Размер шрифта
-
+

Копье Судьбы - стр. 122

– А скажу я то, – подбоченивается адвокат, – шо многие сочли историю про Хазву и Финееса гонивом, но на основании этого «гонива» мой подзащитный обвиняет в своих бедах женщину, и это, между прочим, логика всех сидящих здесь мужчин. Тогда у всех у нас гониво! Все согласны, что женщины предают и подставляют мужчин, а?

– Да, да, да! – кивают, переглядываясь, присяжные.

– Меня супружница вломила…

– Меня сеструха с потрохами сдала, чтоб квартирку отхапать…

– Меня мать родная, мать сдала… – Кухарь истерично всхлипнул.

– Так ты все из дома вынес, утырок, ты же старуху свою избивал!

– Меня лечить надо было! – взвизгивает шнырь. – Наркомания это болезнь!

– Бабы – сучки конченные! – рычит Качан. – Я всю жизнь им мстить буду. Меня одна такая сдала. Выйду – урою! Ей не жить!

– Уж не за то ли, что вы подпоили ее клофелином и изнасиловали?

– Чего? Ты на кого бочки катишь, Соломон? Я не посмотрю, что ты лицо неприкосновенное..

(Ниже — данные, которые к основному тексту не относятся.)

(* (i) If $Q_1,Q_2\in\mathcal{E}_\omega$ then $Q_1\circ Q_2\in\mathcal{E}_\omega$; moreover $Q_1\circ Q_2\in\mathcal{E}_\infty$ whenever $Q_1\in\mathcal{E}_\infty$ or $Q_2\in\mathcal{E}_\infty$. (ii) If $Q\in\mathcal{E}_\infty$ then $Q\,\mathtt{I}\in\mathcal{E}_\infty$.
   Context: $\mathtt{I}=\lambda x.x$, $Q_1\circ Q_2=\mathtt{B}Q_1Q_2$ where $\mathtt{B}=\lambda fgx.f(gx)$. Böhm trees as usual. The relation $\le^\eta_\omega$ is the greatest relation on Böhm-like trees such that $U\le^\eta_\omega V$ implies either $U=V=\bot$, or $U=\lambda x_1\dots x_n.yU_1\cdots U_k$ and $V=\lambda x_1\dots x_nz_1\dots z_m.yV_1\cdots V_kV'_1\cdots V'_m$ with the $z_i$ not free in $yU_1\cdots U_kV_1\cdots V_k$, $U_j\le^\eta_\omega V_j$ and $z_i\le^\eta_\omega V'_i$. $\mathcal{E}_\omega=\{Q: BT(\mathtt{I})\le^\eta_\omega BT(Q)\}$; $\mathcal{E}_\infty$ is the set of $Q\in\mathcal{E}_\omega$ whose Böhm tree is infinite. *)

theory Defs
  imports Main
begin

datatype trm = Var nat | App trm trm | Abs trm

fun lift :: "trm \<Rightarrow> nat \<Rightarrow> trm" where
  "lift (Var i) k = (if i < k then Var i else Var (Suc i))"
| "lift (App s t) k = App (lift s k) (lift t k)"
| "lift (Abs s) k = Abs (lift s (Suc k))"

fun subst :: "trm \<Rightarrow> trm \<Rightarrow> nat \<Rightarrow> trm" where
  "subst (Var i) s k = (if k < i then Var (i - 1) else if i = k then s else Var i)"
| "subst (App t u) s k = App (subst t s k) (subst u s k)"
| "subst (Abs t) s k = Abs (subst t (lift s 0) (Suc k))"

fun is_abs :: "trm \<Rightarrow> bool" where
  "is_abs (Abs _) = True"
| "is_abs _ = False"

inductive hred :: "trm \<Rightarrow> trm \<Rightarrow> bool" where
  beta: "hred (App (Abs s) t) (subst s t 0)"
| appL: "hred s s' \<Longrightarrow> \<not> is_abs s \<Longrightarrow> hred (App s t) (App s' t)"
| abs: "hred s s' \<Longrightarrow> hred (Abs s) (Abs s')"

fun nabs :: "trm \<Rightarrow> nat" where
  "nabs (Abs t) = Suc (nabs t)"
| "nabs _ = 0"

fun body :: "trm \<Rightarrow> trm" where
  "body (Abs t) = body t"
| "body t = t"

fun hd_of :: "trm \<Rightarrow> trm" where
  "hd_of (App s t) = hd_of s"
| "hd_of t = t"

fun args_of :: "trm \<Rightarrow> trm list" where
  "args_of (App s t) = args_of s @ [t]"
| "args_of _ = []"

definition hvar :: "trm \<Rightarrow> nat" where
  "hvar t = (case hd_of t of Var i \<Rightarrow> i | _ \<Rightarrow> 0)"

definition is_hnf :: "trm \<Rightarrow> bool" where
  "is_hnf M \<longleftrightarrow> (\<exists>i. hd_of (body M) = Var i)"

definition has_hnf :: "trm \<Rightarrow> bool" where
  "has_hnf M \<longleftrightarrow> (\<exists>N. hred\<^sup>*\<^sup>* M N \<and> is_hnf N)"

definition hnf_of :: "trm \<Rightarrow> trm" where
  "hnf_of M = (THE N. hred\<^sup>*\<^sup>* M N \<and> is_hnf N)"

text \<open>\<open>Nd n y Ts\<close> is the node \<lambda>x1..xn. y T1 .. Tk, where the head variable y
  is a de Bruijn index counting all enclosing binders (of this node and above).\<close>
codatatype bt = Bot | Nd nat nat "bt list"

primcorec BT :: "trm \<Rightarrow> bt" where
  "BT M = (if has_hnf M
           then Nd (nabs (hnf_of M)) (hvar (body (hnf_of M))) (map BT (args_of (body (hnf_of M))))
           else Bot)"

primcorec bt_shift :: "nat \<Rightarrow> nat \<Rightarrow> bt \<Rightarrow> bt" where
  "bt_shift k c T = (case T of Bot \<Rightarrow> Bot
     | Nd n y Ts \<Rightarrow> Nd n (if y < c + n then y else y + k) (map (bt_shift k (c + n)) Ts))"

text \<open>U = \<lambda>x1..xn. y U1..Uk,  V = \<lambda>x1..xn z1..zm. y V1..Vk V'1..V'm.
  In de Bruijn notation the head of V is y+m; "z_i not free in V_j" means
  V_j = bt_shift m 0 W_j for some W_j, and U_j is compared with W_j
  (the tree V_j read in the context of U_j); z_i has index m - i.\<close>
coinductive eta_le :: "bt \<Rightarrow> bt \<Rightarrow> bool" where
  bot: "eta_le Bot Bot"
| nd: "list_all2 eta_le Us Ws
       \<Longrightarrow> list_all2 eta_le (map (\<lambda>j. Nd 0 j []) (rev [0..<m])) Vs'
       \<Longrightarrow> eta_le (Nd n y Us) (Nd (n + m) (y + m) (map (bt_shift m 0) Ws @ Vs'))"

inductive bt_finite :: "bt \<Rightarrow> bool" where
  "bt_finite Bot"
| "(\<And>T. T \<in> set Ts \<Longrightarrow> bt_finite T) \<Longrightarrow> bt_finite (Nd n y Ts)"

definition lamI :: trm where "lamI = Abs (Var 0)"

definition lamB :: trm where "lamB = Abs (Abs (Abs (App (Var 2) (App (Var 1) (Var 0)))))"

definition bcomp :: "trm \<Rightarrow> trm \<Rightarrow> trm" where "bcomp Q1 Q2 = App (App lamB Q1) Q2"

definition E_omega :: "trm set" where "E_omega = {Q. eta_le (BT lamI) (BT Q)}"

definition E_inf :: "trm set" where "E_inf = {Q \<in> E_omega. \<not> bt_finite (BT Q)}"

end

theory Submission
  imports Defs
begin

text \<open>\<open>Q \<in> E_omega\<close> means that \<open>Q\<close> head-reduces to \<open>\<lambda>x. t\<close> with \<open>t\<close> an infinite
  \<eta>-expansion of \<open>x\<close>: \<open>t\<close> head-reduces to \<open>\<lambda>z\<^sub>1\<dots>z\<^sub>m. x t\<^sub>1 \<dots> t\<^sub>m\<close> where each \<open>t\<^sub>i\<close> is again
  an \<eta>-expansion of \<open>z\<^sub>i\<close>, and so on forever. Finite approximations of this are recorded by
  shapes (finite trees). The heart of the proof is that substitution composes expansions: if
  \<open>M\<close> expands \<open>x\<close> along \<open>S\<close> and \<open>N\<close> expands \<open>y\<close> along \<open>T\<close>, then \<open>M[N/x]\<close> expands \<open>y\<close>
  along a merged shape, which is complete to depth \<open>n\<close> when \<open>S\<close> and \<open>T\<close> are, and has a
  branch of depth \<open>n\<close> when one of them has. Now \<open>Q\<^sub>1 \<circ> Q\<^sub>2\<close> head-reduces to
  \<open>\<lambda>x. Q\<^sub>1 (Q\<^sub>2 x)\<close>, which is a double substitution into the expansions given by \<open>Q\<^sub>1\<close> and
  \<open>Q\<^sub>2\<close>; and \<open>Q I\<close> head-reduces to \<open>\<lambda>z\<^sub>2\<dots>z\<^sub>m. t\<^sub>1 t\<^sub>2 \<dots> t\<^sub>m\<close> (with \<open>I\<close> substituted), which
  again is a substitution of expansions. Infinite Boehm trees are exactly those along which
  the shapes have branches of unbounded depth.\<close>

section \<open>Head reduction of de Bruijn terms\<close>

lemma lift_lift:
  "i < k + 1 \<Longrightarrow> lift (lift t i) (Suc k) = lift (lift t k) i"
  by (induct t arbitrary: i k) auto

lemma lift_subst [simp]:
  "j < i + 1 \<Longrightarrow> lift (subst t s j) i = subst (lift t (i + 1)) (lift s i) j"
  by (induct t arbitrary: i j s) (simp_all add: diff_Suc lift_lift split: nat.split)

lemma lift_subst_lt:
  "i < j + 1 \<Longrightarrow> lift (subst t s j) i = subst (lift t i) (lift s i) (j + 1)"
  by (induct t arbitrary: i j s) (auto simp: lift_lift)

lemma subst_lift [simp]: "subst (lift t k) s k = t"
  by (induct t arbitrary: k s) simp_all

lemma subst_subst:
  "i < j + 1 \<Longrightarrow> subst (subst t (lift v i) (Suc j)) (subst u v j) i = subst (subst t u i) v j"
  by (induct t arbitrary: i j u v)
    (simp_all add: diff_Suc lift_lift [symmetric] lift_subst_lt split: nat.split)

fun absn :: "nat \<Rightarrow> trm \<Rightarrow> trm" where
  "absn 0 t = t"
| "absn (Suc n) t = Abs (absn n t)"

fun apps :: "trm \<Rightarrow> trm list \<Rightarrow> trm" where
  "apps t [] = t"
| "apps t (u # us) = apps (App t u) us"

fun liftn :: "nat \<Rightarrow> trm \<Rightarrow> trm" where
  "liftn 0 t = t"
| "liftn (Suc n) t = liftn n (lift t 0)"

lemma apps_snoc [simp]: "apps t (us @ [u]) = App (apps t us) u"
  by (induct us arbitrary: t) auto

lemma absn_add: "absn (m + n) t = absn m (absn n t)"
  by (induct m) auto

lemma lift_absn: "lift (absn n t) k = absn n (lift t (k + n))"
  by (induct n arbitrary: k) auto

lemma subst_absn: "subst (absn n t) s k = absn n (subst t (liftn n s) (k + n))"
  by (induct n arbitrary: k s) auto

lemma lift_apps: "lift (apps t us) k = apps (lift t k) (map (\<lambda>u. lift u k) us)"
  by (induct us arbitrary: t) auto

lemma subst_apps: "subst (apps t us) s k = apps (subst t s k) (map (\<lambda>u. subst u s k) us)"
  by (induct us arbitrary: t) auto

lemma is_abs_apps_Var [simp]: "\<not> is_abs (apps (Var j) Ms)"
  by (induct Ms rule: rev_induct) auto

lemma nabs_absn_apps_Var [simp]: "nabs (absn m (apps (Var j) Ms)) = m"
proof -
  have "nabs (apps (Var j) Ms) = 0" by (induct Ms rule: rev_induct) auto
  then show ?thesis by (induct m) auto
qed

lemma body_absn_apps_Var [simp]: "body (absn m (apps (Var j) Ms)) = apps (Var j) Ms"
proof -
  have "body (apps (Var j) Ms) = apps (Var j) Ms" by (induct Ms rule: rev_induct) auto
  then show ?thesis by (induct m) auto
qed

lemma hd_of_apps [simp]: "hd_of (apps t Ms) = hd_of t"
  by (induct Ms arbitrary: t) auto

lemma args_of_apps [simp]: "args_of (apps t Ms) = args_of t @ Ms"
  by (induct Ms arbitrary: t) auto

lemma absn_apps_Var_inject:
  assumes "absn m (apps (Var j) Ms) = absn m' (apps (Var j') Ms')"
  shows "m = m' \<and> j = j' \<and> Ms = Ms'"
proof -
  have "m = m'" using arg_cong[OF assms, of nabs] by simp
  moreover have "hd_of (body (absn m (apps (Var j) Ms))) = hd_of (body (absn m' (apps (Var j') Ms')))"
    and "args_of (body (absn m (apps (Var j) Ms))) = args_of (body (absn m' (apps (Var j') Ms')))"
    using assms by simp_all
  ultimately show ?thesis by simp
qed

lemma is_hnf_absn_apps_Var: "is_hnf (absn m (apps (Var j) Ms))"
  by (simp add: is_hnf_def)

lemma hnf_eq_absn_apps_Var:
  assumes "is_hnf H"
  shows "H = absn (nabs H) (apps (Var (hvar (body H))) (args_of (body H)))"
proof -
  have absn_body: "absn (nabs t) (body t) = t" for t
    by (induct t) simp_all
  have apps_hd_args: "apps (hd_of t) (args_of t) = t" for t
    by (induct t) simp_all
  from assms obtain i where i: "hd_of (body H) = Var i" unfolding is_hnf_def by blast
  then have "body H = apps (Var i) (args_of (body H))" using apps_hd_args[of "body H"] by simp
  moreover have "hvar (body H) = i" using i by (simp add: hvar_def)
  ultimately show ?thesis using absn_body[of H] by simp
qed

lemma is_abs_lift [simp]: "is_abs (lift s k) = is_abs s"
  by (cases s) auto

lemma hred_lift: "hred s t \<Longrightarrow> hred (lift s k) (lift t k)"
proof (induct arbitrary: k rule: hred.induct)
  case (beta s t)
  then show ?case using hred.beta[of "lift s (Suc k)" "lift t k"] by simp
qed (auto intro: hred.intros)

lemma not_hred_Var: "\<not> hred (Var i) t"
  by (auto elim: hred.cases)

lemma hred_subst: "hred s t \<Longrightarrow> hred (subst s u k) (subst t u k)"
proof (induct arbitrary: k u rule: hred.induct)
  case (beta s t)
  then show ?case
    using hred.beta[of "subst s (lift u 0) (Suc k)" "subst t u k"] subst_subst[of 0 k s u t] by simp
next
  case (appL s s' t)
  then have "\<not> is_abs (subst s u k)" by (cases s) (auto simp: not_hred_Var)
  then show ?case using appL by (auto intro: hred.appL)
qed (auto intro: hred.intros)

lemma hreds_lift: "hred\<^sup>*\<^sup>* s t \<Longrightarrow> hred\<^sup>*\<^sup>* (lift s k) (lift t k)"
  by (induct rule: rtranclp_induct) (auto intro: rtranclp.rtrancl_into_rtrancl hred_lift)

lemma hreds_subst: "hred\<^sup>*\<^sup>* s t \<Longrightarrow> hred\<^sup>*\<^sup>* (subst s u k) (subst t u k)"
  by (induct rule: rtranclp_induct) (auto intro: rtranclp.rtrancl_into_rtrancl hred_subst)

– Ша! – обрывает ссору Гусь. – Адвокат под моей защитой. Пусть хлещется.

Дирижерским жестом адвокат сметает остатки разговоров.

Наступает тишина.

Юрий Соломонович более не грассирует и не использует одесские ужимки.

– Друзья мои, – говорит он проникновенно, – вот мы и пришли к ответу на вопрос, какая сила запирает нас в тюрьмы и держит здесь долгие срока. Женщина. Вражда с нею. Нас засаживают в тюрьмы наши жены, подруги и матери.

– Мать не трогай, Соломон, – чвыкает нажеванной заваркой пахан. – Мать это святое.

– Шо верно, то верно, ваша честь, мать в тюрьме – самое святое, шо только может быть! Ну, ведь, правда же, друзья мои? Кто приходит нас проведывать, кто приносит нам передачи? Мама. Верно? («Ве-е-е-рно», – растроганно тянет камера). Мама, мама, я плачу твоими слезами! – Юрий Соломонович снимает очки и протирает глаза кулачком, но тут же строжает. – Но мать тоже женщина и она тоже мстит нам, мужчинам, за скотское к себе отношение. Вы спросите как? Часто – совершенно бессознательно. Ну, например, после родов молодая мама лишает мужа секса и переносит свою любовь на новорожденное дитя, особенно если у нее родился мальчик. Муж начинает беситься, пьянствовать, куролесить и ходить налево. Далее следует – что? – развод.

– Все в масть, Соломон, я один был у матери, – кивает Рубленый. – Батя свинтил, как только я родился. Найти хочу его и в бубен настучать.

– Нас батя тоже бросил из-за крали одной…

– Мой умер, спился…

– Мой с мамкой дрался, не выдержал, ушел. Я его не обвиняю.

– А я обвиняю! – перекрикивает общий гвалт Качан. – Меня батя ни разу не проведал, алименты не платил, мать в трех местах уборщицей работала, мы с хлеба на воду перебивались.